I probably started masturbating at…10? Maybe 11. It was sometime in sixth grade, so it’s one of those two. Anyways, the first time I was with a girl wasn’t until i was almost 18. That’s seven years of no stimulation but my own hand. Yes, in that time the technique changed, but I would say the last four years were the same technique. So, naturally, whenever the girlfriend was doing stuff down there, I was never able to climax. We never had “sex” sex, but we did do mutual masturbation and oral. I was perfectly able to get an erection, so I can’t help you there (other than to repeat other people about relaxing beforehand if you can.) In the end, that relationship ended without me ever acheiving an orgasm from that girl (we went out for the first three months of our freshman year at college, and not only was she my fist GF, I was her first BF.)

It was then a year until my next sexual encounter. I had a date to my fraternity formal, and it was with a girl I had met the night before. She was a friend of one of the brothers who was visiting him that weekend, and she needed a date, so I volunteered, just to be nice. Well, as luck would have it, she thought I was hot, and she was very experienced in the world of sex, very opposite to me. Again, no “sex” sex, since she didn’t feel right taking my virginity, but I did get some handjob action…on the bus to a bonfire filled with 50 people, no less. Anyways, again I didn’t orgasm, but I could tell I got closer.
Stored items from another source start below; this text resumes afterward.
(* Let $W_1,\dots,W_n$ be proper subspaces of $\mathbb R^d$ with orthogonal projections $P_1,\dots,P_n$, and suppose there exist scalars $a_1,\dots,a_n\in\mathbb R$ and $A>0$ such that $\sum_{i=1}^n a_i^2P_i=A\cdot I$. Then both $\{W_i\}_{i=1}^n$ and $\{W_i^\perp\}_{i=1}^n$ do norm retrieval on $\mathbb R^d$.
   Context: A family of subspaces $\{V_i\}_{i=1}^n$ of $\mathbb R^d$ with orthogonal projections $\{Q_i\}$ does norm retrieval if whenever $x,y\in\mathbb R^d$ satisfy $\|Q_ix\|=\|Q_iy\|$ for all $i$, then $\|x\|=\|y\|$. *)

theory Defs
  imports "HOL-Analysis.Analysis"
begin

definition orth_proj :: "'a::euclidean_space set \<Rightarrow> 'a \<Rightarrow> 'a" where
  "orth_proj W x = (THE y. y \<in> W \<and> (\<forall>w\<in>W. orthogonal (x - y) w))"

definition norm_retrieval :: "nat \<Rightarrow> (nat \<Rightarrow> 'a::euclidean_space set) \<Rightarrow> bool" where
  "norm_retrieval n V \<longleftrightarrow>
     (\<forall>x y. (\<forall>i<n. norm (orth_proj (V i) x) = norm (orth_proj (V i) y)) \<longrightarrow> norm x = norm y)"

end

theory Submission
  imports Defs
begin

(* Taking the inner product of the tight frame identity with x gives
   sum_i a_i^2 |P_i x|^2 = A |x|^2, and since |P_i' x|^2 = |x|^2 - |P_i x|^2 for the
   projection P_i' onto the orthogonal complement, also
   sum_i a_i^2 |P_i' x|^2 = (sum_i a_i^2 - A) |x|^2.  Any identity of this shape with a
   nonzero constant determines |x| from the projection norms.  The second constant is
   nonzero because otherwise every W_i with a_i ~= 0 would be all of R^d, and some
   a_i ~= 0 since A > 0. *)

lemma orth_proj_eqI:
  fixes U :: "'a::euclidean_space set"
  assumes "subspace U" "y \<in> U" "\<forall>w\<in>U. orthogonal (x - y) w"
  shows "orth_proj U x = y"
  unfolding orth_proj_def
proof (rule the_equality)
  show "y \<in> U \<and> (\<forall>w\<in>U. orthogonal (x - y) w)" using assms by auto
next
  fix z assume z: "z \<in> U \<and> (\<forall>w\<in>U. orthogonal (x - z) w)"
  have "y - z \<in> U" using assms(1,2) z by (simp add: subspace_diff)
  then have "orthogonal (x - z) (y - z)" "orthogonal (x - y) (y - z)" using z assms by auto
  then have "(y - z) \<bullet> (y - z) = 0"
    unfolding orthogonal_def by (simp add: inner_diff_left inner_diff_right)
  then show "z = y" by simp
qed

lemma orth_proj_in_subspace_and_orthogonal:
  fixes U :: "'a::euclidean_space set"
  assumes "subspace U"
  shows "orth_proj U x \<in> U \<and> (\<forall>w\<in>U. orthogonal (x - orth_proj U x) w)"
proof -
  obtain y z where yz: "y \<in> span U" "\<And>w. w \<in> span U \<Longrightarrow> orthogonal z w" "x = y + z"
    by (rule orthogonal_subspace_decomp_exists[of U x]) blast
  then have "x - y = z" by simp
  have span_U: "span U = U" using assms by (simp add: span_eq_iff)
  have y: "y \<in> U" and orth: "\<forall>w\<in>U. orthogonal (x - y) w"
    using yz \<open>x - y = z\<close> unfolding span_U by auto
  then have "orth_proj U x = y" by (rule orth_proj_eqI[OF assms])
  then show ?thesis using y orth by simp
qed

lemma orth_proj_orthogonal_comp:
  fixes U :: "'a::euclidean_space set"
  assumes "subspace U"
  shows "orth_proj (orthogonal_comp U) x = x - orth_proj U x"
proof (rule orth_proj_eqI)
  have proj: "orth_proj U x \<in> U" "\<And>w. w \<in> U \<Longrightarrow> (x - orth_proj U x) \<bullet> w = 0"
    using orth_proj_in_subspace_and_orthogonal[OF assms, of x] unfolding orthogonal_def by auto
  show "subspace (orthogonal_comp U)" by (rule subspace_orthogonal_comp)
  show "x - orth_proj U x \<in> orthogonal_comp U"
    unfolding orthogonal_comp_def orthogonal_def using proj(2) by (simp add: inner_commute)
  show "\<forall>w\<in>orthogonal_comp U. orthogonal (x - (x - orth_proj U x)) w"
    unfolding orthogonal_comp_def orthogonal_def using proj(1) by simp
qed

lemma orth_proj_orthogonal_comp_eq_0_iff:
  fixes U :: "'a::euclidean_space set"
  assumes "subspace U"
  shows "orth_proj (orthogonal_comp U) x = 0 \<longleftrightarrow> x \<in> U"
proof
  assume "orth_proj (orthogonal_comp U) x = 0"
  then have "x = orth_proj U x" by (simp add: orth_proj_orthogonal_comp[OF assms])
  then show "x \<in> U" using orth_proj_in_subspace_and_orthogonal[OF assms, of x] by simp
next
  assume "x \<in> U"
  then have "orth_proj U x = x" by (intro orth_proj_eqI[OF assms]) (auto simp: orthogonal_def)
  then show "orth_proj (orthogonal_comp U) x = 0" by (simp add: orth_proj_orthogonal_comp[OF assms])
qed

lemma inner_orth_proj_self:
  fixes U :: "'a::euclidean_space set"
  assumes "subspace U"
  shows "x \<bullet> orth_proj U x = (norm (orth_proj U x))\<^sup>2"
proof -
  have "orthogonal (x - orth_proj U x) (orth_proj U x)"
    using orth_proj_in_subspace_and_orthogonal[OF assms, of x] by auto
  then have "(x - orth_proj U x) \<bullet> orth_proj U x = 0" by (simp add: orthogonal_def)
  then show ?thesis by (simp add: inner_diff_left power2_norm_eq_inner)
qed

lemma norm_orth_proj_orthogonal_comp_sq:
  fixes U :: "'a::euclidean_space set"
  assumes "subspace U"
  shows "(norm (orth_proj (orthogonal_comp U) x))\<^sup>2 = (norm x)\<^sup>2 - (norm (orth_proj U x))\<^sup>2"
proof -
  have "x \<bullet> orth_proj U x = orth_proj U x \<bullet> orth_proj U x"
    using inner_orth_proj_self[OF assms, of x] by (simp add: power2_norm_eq_inner)
  then show ?thesis
    unfolding orth_proj_orthogonal_comp[OF assms] power2_norm_eq_inner
    by (simp add: inner_diff_left inner_diff_right inner_commute)
qed

lemma norm_retrieval_if_weighted_norm_identity:
  fixes V :: "nat \<Rightarrow> 'a::euclidean_space set" and c :: "nat \<Rightarrow> real"
  assumes "B \<noteq> 0"
    and "\<And>x. (\<Sum>i<n. c i * (norm (orth_proj (V i) x))\<^sup>2) = B * (norm x)\<^sup>2"
  shows "norm_retrieval n V"
  unfolding norm_retrieval_def
proof (intro allI impI)
  fix x y :: 'a
  assume "\<forall>i<n. norm (orth_proj (V i) x) = norm (orth_proj (V i) y)"
  then have "(\<Sum>i<n. c i * (norm (orth_proj (V i) x))\<^sup>2) = (\<Sum>i<n. c i * (norm (orth_proj (V i) y))\<^sup>2)"
    by (intro sum.cong) simp_all
  then have "B * (norm x)\<^sup>2 = B * (norm y)\<^sup>2" by (simp add: assms(2))
  then have "(norm x)\<^sup>2 = (norm y)\<^sup>2" using assms(1) by simp
  then show "norm x = norm y" by (simp add: power2_eq_iff_nonneg)
qed

lemma weighted_norm_identity_if_tight:
  fixes W :: "nat \<Rightarrow> 'a::euclidean_space set"
  assumes "\<And>i. i < n \<Longrightarrow> subspace (W i)"
    and "\<And>x. (\<Sum>i<n. c i *\<^sub>R orth_proj (W i) x) = A *\<^sub>R x"
  shows "(\<Sum>i<n. c i * (norm (orth_proj (W i) x))\<^sup>2) = A * (norm x)\<^sup>2"
proof -
  have "(\<Sum>i<n. c i * (norm (orth_proj (W i) x))\<^sup>2) = x \<bullet> (\<Sum>i<n. c i *\<^sub>R orth_proj (W i) x)"
    by (simp add: inner_sum_right inner_orth_proj_self assms(1))
  also have "\<dots> = A * (norm x)\<^sup>2" by (simp add: assms(2) power2_norm_eq_inner)
  finally show ?thesis .
qed

lemma weighted_norm_identity_orthogonal_comp:
  fixes W :: "nat \<Rightarrow> 'a::euclidean_space set"
  assumes "\<And>i. i < n \<Longrightarrow> subspace (W i)"
    and "(\<Sum>i<n. c i * (norm (orth_proj (W i) x))\<^sup>2) = A * (norm x)\<^sup>2"
  shows "(\<Sum>i<n. c i * (norm (orth_proj (orthogonal_comp (W i)) x))\<^sup>2)
           = (sum c {..<n} - A) * (norm x)\<^sup>2"
proof -
  have "(\<Sum>i<n. c i * (norm (orth_proj (orthogonal_comp (W i)) x))\<^sup>2)
      = (\<Sum>i<n. c i * (norm x)\<^sup>2 - c i * (norm (orth_proj (W i) x))\<^sup>2)"
    by (intro sum.cong) (simp_all add: norm_orth_proj_orthogonal_comp_sq assms(1) right_diff_distrib)
  also have "\<dots> = (sum c {..<n} - A) * (norm x)\<^sup>2"
    by (simp add: sum_subtractf assms(2) sum_distrib_right left_diff_distrib)
  finally show ?thesis .
qed

lemma subspace_eq_UNIV_if_weighted_orthogonal_comp_vanishes:
  fixes W :: "nat \<Rightarrow> 'a::euclidean_space set"
  assumes "subspace (W i)" "i < n" "c i \<noteq> 0" "\<And>j. j < n \<Longrightarrow> c j \<ge> 0"
    and "\<And>x. (\<Sum>j<n. c j * (norm (orth_proj (orthogonal_comp (W j)) x))\<^sup>2) = 0"
  shows "W i = UNIV"
proof -
  have "x \<in> W i" for x
  proof -
    have "c i * (norm (orth_proj (orthogonal_comp (W i)) x))\<^sup>2 = 0"
      using sum_nonneg_eq_0_iff[THEN iffD1, OF _ _ assms(5)[of x]] assms(2,4) by simp
    then have "orth_proj (orthogonal_comp (W i)) x = 0" using assms(3) by simp
    then show ?thesis by (simp add: orth_proj_orthogonal_comp_eq_0_iff[OF assms(1)])
  qed
  then show ?thesis by auto
qed

theorem mainTheorem2:
  fixes W :: "nat \<Rightarrow> 'a::euclidean_space set" and n :: nat
    and a :: "nat \<Rightarrow> real" and A :: real
  assumes "\<And>i. i < n \<Longrightarrow> subspace (W i)"
    and "\<And>i. i < n \<Longrightarrow> W i \<noteq> UNIV"
    and "A > 0"
    and "\<And>x. (\<Sum>i<n. (a i)^2 *\<^sub>R orth_proj (W i) x) = A *\<^sub>R x"
  shows "norm_retrieval n W \<and> norm_retrieval n (\<lambda>i. orthogonal_comp (W i))"
proof -
  define S where "S = (\<Sum>i<n. (a i)\<^sup>2)"
  have frame: "(\<Sum>i<n. (a i)\<^sup>2 * (norm (orth_proj (W i) x))\<^sup>2) = A * (norm x)\<^sup>2" for x
    using weighted_norm_identity_if_tight[OF assms(1,4)] .
  have comp: "(\<Sum>i<n. (a i)\<^sup>2 * (norm (orth_proj (orthogonal_comp (W i)) x))\<^sup>2) = (S - A) * (norm x)\<^sup>2" for x
    unfolding S_def using weighted_norm_identity_orthogonal_comp[OF assms(1) frame] .
  have "S \<noteq> A"
  proof
    assume "S = A"
    then obtain i where i: "i < n" "a i \<noteq> 0"
      using assms(3) unfolding S_def by (metis (no_types, lifting) lessThan_iff power_zero_numeral sum.neutral order_less_irrefl)
    have "W i = UNIV"
      by (rule subspace_eq_UNIV_if_weighted_orthogonal_comp_vanishes[where c = "\<lambda>j. (a j)\<^sup>2"])
        (use assms(1) i comp \<open>S = A\<close> in auto)
    then show False using assms(2) i(1) by simp
  qed
  then show ?thesis
    using norm_retrieval_if_weighted_norm_identity[OF _ frame] assms(3)
      norm_retrieval_if_weighted_norm_identity[OF _ comp] by simp
qed

end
After that night, the next encounter was a few motnhs later in February. I had a date with a girl I knew ahd feelings for me. Well, again, it was a very sexually experienced girl, and we went to bed that night (once again, no “sex” sex.) However, I was finally able to climax from another person, and I figured out the reason. I need to please my partner. I find it practically impossible to climax if I am not simultaneously making them feel good. I have a few times, but never from a BJ (the closest was that same girl (GF for almost a year and a half after that.) She did oral for 80%, but had to finish with just the hand, as her mouth was sore.)

Basically what I’m saying is there might be some “thing” that needs to be done for you to get fully aroused and acheive orgasm. Maybe you need her to move in a certain way, maybe you need to do a partciular foreplay beforehand, but no matter what it may be, the only way you’ll find out is by getting comfortable doing these things with anther person, whuich means doing them a lot, which can be very fun :smiley:

So try to stop fretting over it and just have fun as berst you can, and I’m sure it will come (pun intended) naturally.

Maybe you need a goat, a Garden Weasel, and a 6 iron.

Hey, it worked for m-- my friend.

LMAO

I knew I was forgetting something.

And thanks to the rest of you for your advice and support, I will be reporting back, though who knows how long it will be until I can put it to the test. So we’ll see.